The Spanish-born Franciscan was one of eight candidates presented to the Pope on Friday by Cardinal Pietro Palazzini, prefect of the Vatican’s Congregation for the Causes of Saints. None of the other seven candidates approved by the Pope lived or worked in the United States.

Beatification is the second of three steps to Roman Catholic sainthood. Serra, whom John Paul declared “venerable” in 1985, will be entitled to the label “blessed” after next year’s Vatican ceremony.

One Step to Go

In order to take the final step to become California’s first saint, the Vatican must conclude that a second miracle occurred as a result of Serra’s intercession, although the Pope may dispense with this requirement. And before canonization, a candidate’s life and writings are again studied to ensure that everything is in conformity with church doctrine.

Serra, who founded California’s system of missions, died in Carmel in 1784. The Pope visited his grave there during his U.S. trip last September.

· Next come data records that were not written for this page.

lemma first_countable_prod_topology:
  assumes "first_countable X" "first_countable Y"
  shows "first_countable (prod_topology X Y)"
  unfolding first_countable_def
proof
  fix z assume "z \<in> topspace (prod_topology X Y)"
  then obtain x y where z: "z = (x, y)" "x \<in> topspace X" "y \<in> topspace Y" by auto
  obtain \<B> where "countable \<B>" and \<B>_open: "\<And>V. V \<in> \<B> \<Longrightarrow> openin X V"
    and \<B>: "\<And>U. openin X U \<Longrightarrow> x \<in> U \<Longrightarrow> \<exists>V\<in>\<B>. x \<in> V \<and> V \<subseteq> U"
    using assms(1) z unfolding first_countable_def by metis
  obtain \<C> where "countable \<C>" and \<C>_open: "\<And>V. V \<in> \<C> \<Longrightarrow> openin Y V"
    and \<C>: "\<And>U. openin Y U \<Longrightarrow> y \<in> U \<Longrightarrow> \<exists>V\<in>\<C>. y \<in> V \<and> V \<subseteq> U"
    using assms(2) z unfolding first_countable_def by metis
  show "\<exists>\<D>. countable \<D> \<and> (\<forall>V\<in>\<D>. openin (prod_topology X Y) V) \<and>
          (\<forall>W. openin (prod_topology X Y) W \<and> z \<in> W \<longrightarrow> (\<exists>V\<in>\<D>. z \<in> V \<and> V \<subseteq> W))"
  proof (intro exI conjI ballI allI impI)
    show "countable ((\<lambda>(U, V). U \<times> V) ` (\<B> \<times> \<C>))"
      using \<open>countable \<B>\<close> \<open>countable \<C>\<close> by blast
    show "openin (prod_topology X Y) D" if "D \<in> (\<lambda>(U, V). U \<times> V) ` (\<B> \<times> \<C>)" for D
      using that \<B>_open \<C>_open by (auto simp: openin_prod_Times_iff)
    fix W assume "openin (prod_topology X Y) W \<and> z \<in> W"
    then obtain U V where UV: "openin X U" "openin Y V" "x \<in> U" "y \<in> V" "U \<times> V \<subseteq> W"
      unfolding openin_prod_topology_alt z by blast
    then obtain U' V' where "U' \<in> \<B>" "V' \<in> \<C>" "x \<in> U'" "y \<in> V'" "U' \<subseteq> U" "V' \<subseteq> V"
      using \<B> \<C> by meson
    with UV(5) z(1) show "\<exists>D \<in> (\<lambda>(U, V). U \<times> V) ` (\<B> \<times> \<C>). z \<in> D \<and> D \<subseteq> W"
      by (intro bexI [of _ "U' \<times> V'"]) auto
  qed
qed

lemma first_countable_unit_interval: "first_countable unit_interval"
  unfolding unit_interval_def
  by (simp add: metrizable_imp_first_countable metrizable_space_euclidean metrizable_space_subtopology)

lemma limit_setI:
  assumes "\<And>n. s n \<in> topspace X" "\<And>p. \<not> seq_limit_point X s p"
    and "limitin Y (f \<circ> s) y sequentially"
  shows "y \<in> limit_set X Y f"
  unfolding limit_set_def using assms limitin_topspace [OF assms(3)] by blast

lemma limit_setE:
  assumes "y \<in> limit_set X Y f"
  obtains s where "\<And>n. s n \<in> topspace X" "\<And>p. \<not> seq_limit_point X s p"
    and "limitin Y (f \<circ> s) y sequentially"
  using assms unfolding limit_set_def by blast

lemma limit_set_prod_id:
  "limit_set (prod_topology X T) (prod_topology Y T) (\<lambda>(x, t). (f x, t))
     = limit_set X Y f \<times> topspace T"
proof (intro equalityI subsetI)
  fix q assume "q \<in> limit_set (prod_topology X T) (prod_topology Y T) (\<lambda>(x, t). (f x, t))"
  then obtain s where s: "\<And>n. s n \<in> topspace (prod_topology X T)"
      "\<And>p. \<not> seq_limit_point (prod_topology X T) s p"
    and lim: "limitin (prod_topology Y T) ((\<lambda>(x, t). (f x, t)) \<circ> s) q sequentially"
    by (metis limit_setE)
  have lim_fst: "limitin Y (f \<circ> (fst \<circ> s)) (fst q) sequentially"
    and lim_snd: "limitin T (snd \<circ> s) (snd q) sequentially"
    using lim by (simp_all add: limitin_pairwise comp_def case_prod_beta)
  have "\<not> seq_limit_point X (fst \<circ> s) p" for p
  proof
    assume "seq_limit_point X (fst \<circ> s) p"
    then have "seq_limit_point (prod_topology X T) (\<lambda>n. ((fst \<circ> s) n, (snd \<circ> s) n)) (p, snd q)"
      using lim_snd by (rule seq_limit_point_Pair)
    with s(2) show False by simp
  qed
  with s(1) lim_fst have "fst q \<in> limit_set X Y f"
    by (intro limit_setI) (auto simp: mem_Times_iff)
  moreover have "snd q \<in> topspace T"
    using lim_snd by (rule limitin_topspace)
  ultimately show "q \<in> limit_set X Y f \<times> topspace T"
    by (simp add: mem_Times_iff)
next
  fix q assume "q \<in> limit_set X Y f \<times> topspace T"
  then obtain y t where q: "q = (y, t)" "y \<in> limit_set X Y f" "t \<in> topspace T"
    by blast
  obtain s where s: "\<And>n. s n \<in> topspace X" "\<And>p. \<not> seq_limit_point X s p"
    and lim: "limitin Y (f \<circ> s) y sequentially"
    using q(2) by (metis limit_setE)
  show "q \<in> limit_set (prod_topology X T) (prod_topology Y T) (\<lambda>(x, t). (f x, t))"
  proof (rule limit_setI)
    show "(\<lambda>n. (s n, t)) n \<in> topspace (prod_topology X T)" for n
      using s(1) q(3) by simp
    show "\<not> seq_limit_point (prod_topology X T) (\<lambda>n. (s n, t)) p" for p
      using s(2) seq_limit_point_prod_fst [of X T "\<lambda>n. (s n, t)" p] by (auto simp: comp_def)
    show "limitin (prod_topology Y T) ((\<lambda>(x, t). (f x, t)) \<circ> (\<lambda>n. (s n, t))) q sequentially"
      using lim q(1,3) by (simp add: limitin_pairwise comp_def)
  qed
qed

lemma continuous_map_image_limit_set:
  assumes "continuous_map Y Z g"
  shows "g ` limit_set X Y f \<subseteq> limit_set X Z (g \<circ> f)"
proof (rule image_subsetI)
  fix y assume "y \<in> limit_set X Y f"
  then obtain s where s: "\<And>n. s n \<in> topspace X" "\<And>p. \<not> seq_limit_point X s p"
    and lim: "limitin Y (f \<circ> s) y sequentially"
    by (metis limit_setE)
  have "limitin Z (g \<circ> f \<circ> s) (g y) sequentially"
    using continuous_map_limit [OF assms lim] by (simp add: comp_assoc)
  with s show "g y \<in> limit_set X Z (g \<circ> f)"
    by (rule limit_setI)
qed

lemma limit_set_comp_proper_map_subset:
  assumes "cproper_map Y Z g" "f ` topspace X \<subseteq> topspace Y"
    and "first_countable Y" "locally_compact_space Z" "Hausdorff_space Z"
  shows "limit_set X Z (g \<circ> f) \<subseteq> g ` limit_set X Y f"
proof
  fix z assume "z \<in> limit_set X Z (g \<circ> f)"
  then obtain s where s: "\<And>n. s n \<in> topspace X" "\<And>p. \<not> seq_limit_point X s p"
    and lim: "limitin Z (g \<circ> f \<circ> s) z sequentially"
    by (metis limit_setE)
  obtain U K where UK: "openin Z U" "compactin Z K" "z \<in> U" "U \<subseteq> K"
    using assms(4) limitin_topspace [OF lim] unfolding locally_compact_space_def by blast
  have "compactin Y {y \<in> topspace Y. g y \<in> K}"
    using assms(1) UK(2) unfolding cproper_map_def by blast
  moreover have "\<forall>\<^sub>F n in sequentially. (f \<circ> s) n \<in> {y \<in> topspace Y. g y \<in> K}"
  proof -
    have "\<forall>\<^sub>F n in sequentially. g (f (s n)) \<in> U"
      using lim UK(1,3) unfolding limitin_def by simp
    then show ?thesis
      by (rule eventually_mono) (use UK(4) s(1) assms(2) in auto)
  qed
  ultimately obtain y r where r: "strict_mono r" and lim_y: "limitin Y (f \<circ> s \<circ> r) y sequentially"
    using assms(3) by (blast elim: compactin_first_countable_convergent_subseq)
  have "limitin Z (g \<circ> f \<circ> s \<circ> r) z sequentially"
    using r lim by (rule limitin_subsequence)
  moreover have "limitin Z (g \<circ> f \<circ> s \<circ> r) (g y) sequentially"
    using assms(1) continuous_map_limit [of Y Z g, OF _ lim_y] by (simp add: cproper_map_def comp_assoc)
  ultimately have "z = g y"
    using trivial_limit_sequentially assms(5) by (rule limitin_Hausdorff_unique)
  moreover have "y \<in> limit_set X Y f"
  proof (rule limit_setI)
    show "(s \<circ> r) n \<in> topspace X" for n
      using s(1) by simp
    show "\<not> seq_limit_point X (s \<circ> r) p" for p
      using s(2) seq_limit_point_subseq [OF r, of X s p] by blast
    show "limitin Y (f \<circ> (s \<circ> r)) y sequentially"
      using lim_y by (simp only: comp_assoc)
  qed
  ultimately show "z \<in> g ` limit_set X Y f" by blast
qed

lemma limit_set_comp_proper_map:
  assumes "cproper_map Y Z g" "f ` topspace X \<subseteq> topspace Y"
    and "first_countable Y" "locally_compact_space Z" "Hausdorff_space Z"
  shows "limit_set X Z (g \<circ> f) = g ` limit_set X Y f"
proof
  show "limit_set X Z (g \<circ> f) \<subseteq> g ` limit_set X Y f"
    using assms by (rule limit_set_comp_proper_map_subset)
  show "g ` limit_set X Y f \<subseteq> limit_set X Z (g \<circ> f)"
    using assms(1) unfolding cproper_map_def by (intro continuous_map_image_limit_set) simp
qed

theorem corollary5:
  fixes X :: "'a topology" and Y :: "'b topology" and Z :: "'c topology"
    and f :: "'a \<Rightarrow> 'b" and \<Phi> :: "'b \<times> real \<Rightarrow> 'c"
  assumes "good_space X" and "good_space Y" and "good_space Z"
    and "continuous_map X Y f"
    and "cproper_map (prod_topology Y unit_interval) Z \<Phi>"
  shows "limit_set (prod_topology X unit_interval) Z (\<Phi> \<circ> (\<lambda>(x, t). (f x, t)))
         = \<Phi> ` (limit_set X Y f \<times> {0..1})"
proof -
  have "(\<lambda>(x, t). (f x, t)) ` topspace (prod_topology X unit_interval)
          \<subseteq> topspace (prod_topology Y unit_interval)"
    using continuous_map_image_subset_topspace [OF assms(4)] by auto
  moreover have "first_countable (prod_topology Y unit_interval)"
    using assms(2) unfolding good_space_def
    by (simp add: first_countable_prod_topology first_countable_unit_interval
        second_countable_imp_first_countable)
  ultimately have "limit_set (prod_topology X unit_interval) Z (\<Phi> \<circ> (\<lambda>(x, t). (f x, t)))
      = \<Phi> ` limit_set (prod_topology X unit_interval) (prod_topology Y unit_interval) (\<lambda>(x, t). (f x, t))"
    using assms(3,5) unfolding good_space_def by (intro limit_set_comp_proper_map) auto
  also have "\<dots> = \<Phi> ` (limit_set X Y f \<times> {0..1})"
    by (simp add: limit_set_prod_id unit_interval_def)
  finally show ?thesis .
qed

American Indian groups have strongly opposed honors for Serra, charging that the mission system physically and culturally annihilated local Indian populations. The system brought the Indians to slavery through baptism, Indian academics and activists have charged, and historians say that Franciscans under Serra’s authority disciplined Indian converts with whips and chains. As recently as Nov. 29, 20 Costanoan Indians and supporters demonstrated at the Carmel Mission against the beatification.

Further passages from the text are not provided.